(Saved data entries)
lemma dist_Dstar_attained:
  fixes X Xs :: "real^'r^'d"
  obtains R0 where "orthogonal_matrix R0" "dist_Dstar X Xs = norm (X - Xs ** R0)"
    "\<And>R. orthogonal_matrix R \<Longrightarrow> norm (X - Xs ** R0) \<le> norm (X - Xs ** R)"
proof -
  let ?O = "{R::real^'r^'r. orthogonal_matrix R}"
  have "continuous_on ?O (\<lambda>R. norm (X - (\<chi> i j. \<Sum>k\<in>UNIV. Xs$i$k * R$k$j)))"
    by (intro continuous_intros)
  then obtain R0 where R0: "R0 \<in> ?O" and min: "\<And>R. R \<in> ?O \<Longrightarrow> norm (X - Xs ** R0) \<le> norm (X - Xs ** R)"
    using continuous_attains_inf[OF compact_orthogonal_matrices _, of "\<lambda>R. norm (X - Xs ** R)"]
      orthogonal_matrix_id unfolding matrix_matrix_mult_def by blast
  have "dist_Dstar X Xs = norm (X - Xs ** R0)"
    unfolding dist_Dstar_def by (rule cInf_eq_minimum) (use R0 min in auto)
  with R0 min show ?thesis using that by blast
qed

lemma procrustes_cross_gram:
  fixes X U :: "real^'r^'d"
  assumes min: "\<And>\<Omega>. orthogonal_matrix \<Omega> \<Longrightarrow> norm (X - U) \<le> norm (X - U ** \<Omega>)"
  shows "transpose (transpose U ** X) = transpose U ** X"
    and "0 \<le> v \<bullet> ((transpose U ** X) *v v)"
proof -
  define B where "B = transpose U ** X"
  have "B \<bullet> \<Omega> \<le> B \<bullet> mat 1" if \<Omega>: "orthogonal_matrix \<Omega>" for \<Omega>
  proof -
    have "(X - U) \<bullet> (X - U) \<le> (X - U ** \<Omega>) \<bullet> (X - U ** \<Omega>)"
      using min[OF \<Omega>] by (simp add: norm_eq_sqrt_inner)
    moreover have "(U ** \<Omega>) \<bullet> (U ** \<Omega>) = U \<bullet> U"
      using \<Omega> by (simp add: inner_matrix_mult_transpose_right matrix_transpose_mul
          flip: matrix_mul_assoc add: orthogonal_matrix_def)
    moreover have cross: "X \<bullet> (U ** R) = B \<bullet> R" for R
      using inner_matrix_mult_transpose_left[of U R X] by (simp add: B_def inner_commute)
    ultimately show ?thesis
      using cross[of "mat 1"] by (simp add: inner_diff_left inner_diff_right inner_commute)
  qed
  thus "transpose B = B" "0 \<le> v \<bullet> (B *v v)"
    by (simp_all add: trace_maximizer_symmetric trace_maximizer_psd)
qed

section \<open>Perturbation of the Gram map\<close>

lemma inner_gram_nonneg_of_psd:
  fixes B :: "real^'r^'r" and \<Delta> :: "real^'r^'d"
  assumes "\<And>v. 0 \<le> v \<bullet> (B *v v)"
  shows "0 \<le> B \<bullet> (transpose \<Delta> ** \<Delta>)"
proof -
  have "B \<bullet> (transpose \<Delta> ** \<Delta>) = (\<Sum>i\<in>UNIV. \<Delta>$i \<bullet> (B *v \<Delta>$i))"
    using inner_matrix_mult_transpose_left[of "transpose \<Delta>" \<Delta> B]
    by (simp add: inner_commute inner_vec_def[of \<Delta>] matrix_matrix_mult_row)
       (metis (no_types) inner_commute dot_lmul_matrix)
  thus ?thesis using assms by (simp add: sum_nonneg)
qed

lemma power2_norm_mult_transpose:
  "(norm ((U::real^'r^'d) ** transpose (\<Delta>::real^'r^'n)))\<^sup>2
    = (transpose U ** U) \<bullet> (transpose \<Delta> ** \<Delta>)"
proof -
  have "(norm (U ** transpose \<Delta>))\<^sup>2 = U \<bullet> (U ** (transpose \<Delta> ** \<Delta>))"
    by (simp add: power2_norm_eq_inner inner_matrix_mult_transpose_right matrix_mul_assoc)
  also have "\<dots> = (transpose \<Delta> ** \<Delta>) \<bullet> (transpose U ** U)"
    using inner_matrix_mult_transpose_left[of U "transpose \<Delta> ** \<Delta>" U] by (simp add: inner_commute)
  finally show ?thesis by (simp add: inner_commute)
qed

lemma norm_gram_perturbation_eq:
  fixes U \<Delta> :: "real^'r^'d"
  defines "G \<equiv> transpose U ** U" and "P \<equiv> transpose U ** \<Delta>" and "Q \<equiv> transpose \<Delta> ** \<Delta>"
  assumes P_sym: "transpose P = P"
  shows "(norm (U ** transpose \<Delta> + \<Delta> ** transpose U + \<Delta> ** transpose \<Delta>))\<^sup>2
    = 2 * (G \<bullet> Q) + Q \<bullet> Q + 2 * (P \<bullet> P) + 4 * (P \<bullet> Q)"
proof -
  define M1 where "M1 = U ** transpose \<Delta>"
  define M2 where "M2 = \<Delta> ** transpose U"
  define M3 where "M3 = \<Delta> ** transpose \<Delta>"
  have M2: "M2 = transpose M1" and M3: "transpose M3 = M3"
    by (simp_all add: M1_def M2_def M3_def matrix_transpose_mul)
  have PT: "transpose \<Delta> ** U = P"
    using P_sym by (simp add: P_def matrix_transpose_mul)
  have "M1 \<bullet> M1 = G \<bullet> Q"
    using power2_norm_mult_transpose[of U \<Delta>] by (simp add: M1_def G_def Q_def power2_norm_eq_inner)
  moreover have "M1 \<bullet> M2 = P \<bullet> P"
  proof -
    have "M1 \<bullet> M2 = U \<bullet> (\<Delta> ** P)"
      by (simp add: M1_def M2_def P_def inner_matrix_mult_transpose_right matrix_mul_assoc)
    also have "\<dots> = P \<bullet> P"
      using inner_matrix_mult_transpose_left[of \<Delta> P U] by (simp add: PT inner_commute)
    finally show ?thesis .
  qed
  moreover have "M1 \<bullet> M3 = P \<bullet> Q"
  proof -
    have "M1 \<bullet> M3 = U \<bullet> (\<Delta> ** Q)"
      by (simp add: M1_def M3_def Q_def inner_matrix_mult_transpose_right matrix_mul_assoc)
    also have "\<dots> = Q \<bullet> P"
      using inner_matrix_mult_transpose_left[of \<Delta> Q U] by (simp add: PT inner_commute)
    finally show ?thesis by (simp add: inner_commute)
  qed
  moreover have "M3 \<bullet> M3 = Q \<bullet> Q"
  proof -
    have "M3 \<bullet> M3 = \<Delta> \<bullet> (\<Delta> ** Q)"
      by (simp add: M3_def Q_def inner_matrix_mult_transpose_right matrix_mul_assoc)
    also have "\<dots> = Q \<bullet> Q"
      using inner_matrix_mult_transpose_left[of \<Delta> Q \<Delta>] by (simp add: Q_def inner_commute)
    finally show ?thesis .
  qed
  moreover have "M2 \<bullet> M2 = M1 \<bullet> M1" "M2 \<bullet> M3 = M1 \<bullet> M3"
    using inner_transpose[of M1 M3] by (simp_all add: M2 M3 inner_transpose)
  ultimately show ?thesis
    unfolding M1_def[symmetric] M2_def[symmetric] M3_def[symmetric] power2_norm_eq_inner
    by (simp add: inner_add_left inner_add_right inner_commute[of M2 M1] inner_commute[of M3 M1]
        inner_commute[of M3 M2])
qed

text \<open>In the expansion of \<open>norm_gram_perturbation_eq\<close> the cross term \<open>4 P \<bullet> Q\<close> is controlled
  by \<open>P \<bullet> Q \<ge> - G \<bullet> Q\<close> (from \<open>U\<^sup>T X \<succeq> 0\<close>) together with \<open>|Q + 4/3 P|\<^sup>2 \<ge> 0\<close>.\<close>
lemma norm_gram_diff_ge:
  fixes U X :: "real^'r^'d"
  assumes sym: "transpose (transpose U ** X) = transpose U ** X"
    and psd: "\<And>v. 0 \<le> v \<bullet> ((transpose U ** X) *v v)"
  shows "(2/3) * (norm ((X - U) ** transpose U))\<^sup>2 \<le> (norm (X ** transpose X - U ** transpose U))\<^sup>2"
proof -
  define \<Delta> where "\<Delta> = X - U"
  define G where "G = transpose U ** U"
  define P where "P = transpose U ** \<Delta>"
  define Q where "Q = transpose \<Delta> ** \<Delta>"
  have X: "X = U + \<Delta>" by (simp add: \<Delta>_def)
  have B: "transpose U ** X = G + P"
    by (simp add: X G_def P_def matrix_add_ldistrib)
  have "transpose P = P"
    using sym unfolding B by (simp add: transpose_add G_def matrix_transpose_mul)
  hence "(norm (X ** transpose X - U ** transpose U))\<^sup>2
      = 2 * (G \<bullet> Q) + Q \<bullet> Q + 2 * (P \<bullet> P) + 4 * (P \<bullet> Q)"
    using norm_gram_perturbation_eq[of U \<Delta>]
    by (simp add: X G_def P_def Q_def transpose_add matrix_add_ldistrib matrix_add_rdistrib
        algebra_simps)
  moreover have "(norm (\<Delta> ** transpose U))\<^sup>2 = G \<bullet> Q"
    using power2_norm_mult_transpose[of U \<Delta>] by (simp add: G_def Q_def norm_transpose
        flip: norm_transpose[of "\<Delta> ** transpose U"] add: matrix_transpose_mul)
  moreover have "0 \<le> G \<bullet> Q + P \<bullet> Q"
    using inner_gram_nonneg_of_psd[OF psd, of \<Delta>] by (simp add: B Q_def inner_add_left)
  moreover have "0 \<le> Q \<bullet> Q + (8/3) * (P \<bullet> Q) + (16/9) * (P \<bullet> P)"
    using inner_ge_zero[of "Q + (4/3) *\<^sub>R P"]
    by (simp add: inner_add_left inner_add_right inner_commute[of Q P] algebra_simps)
  moreover have "0 \<le> P \<bullet> P" by simp
  ultimately show ?thesis unfolding \<Delta>_def[symmetric] by linarith
qed

section \<open>Sparse corrections\<close>

lemma sum_abs_le_sqrt_card_mult_l2:
  fixes d :: "'a \<Rightarrow> real"
  shows "(\<Sum>j\<in>T. \<bar>d j\<bar>) \<le> sqrt (card T) * sqrt (\<Sum>j\<in>T. (d j)\<^sup>2)"
proof -
  have "(\<Sum>j\<in>T. \<bar>d j\<bar> * 1)\<^sup>2 \<le> (\<Sum>j\<in>T. \<bar>d j\<bar>\<^sup>2) * (\<Sum>j\<in>T. 1\<^sup>2)"
    by (rule Cauchy_Schwarz_ineq_sum)
  hence "(\<Sum>j\<in>T. \<bar>d j\<bar>)\<^sup>2 \<le> card T * (\<Sum>j\<in>T. (d j)\<^sup>2)" by (simp add: mult.commute)
  hence "(\<Sum>j\<in>T. \<bar>d j\<bar>) \<le> sqrt (card T * (\<Sum>j\<in>T. (d j)\<^sup>2))" by (rule real_le_rsqrt)
  thus ?thesis by (simp add: real_sqrt_mult)
qed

**Prompt**
Using the records above, work out how many lines hold the string "lambda"; answer with that number alone.

**Answer to the problem**
2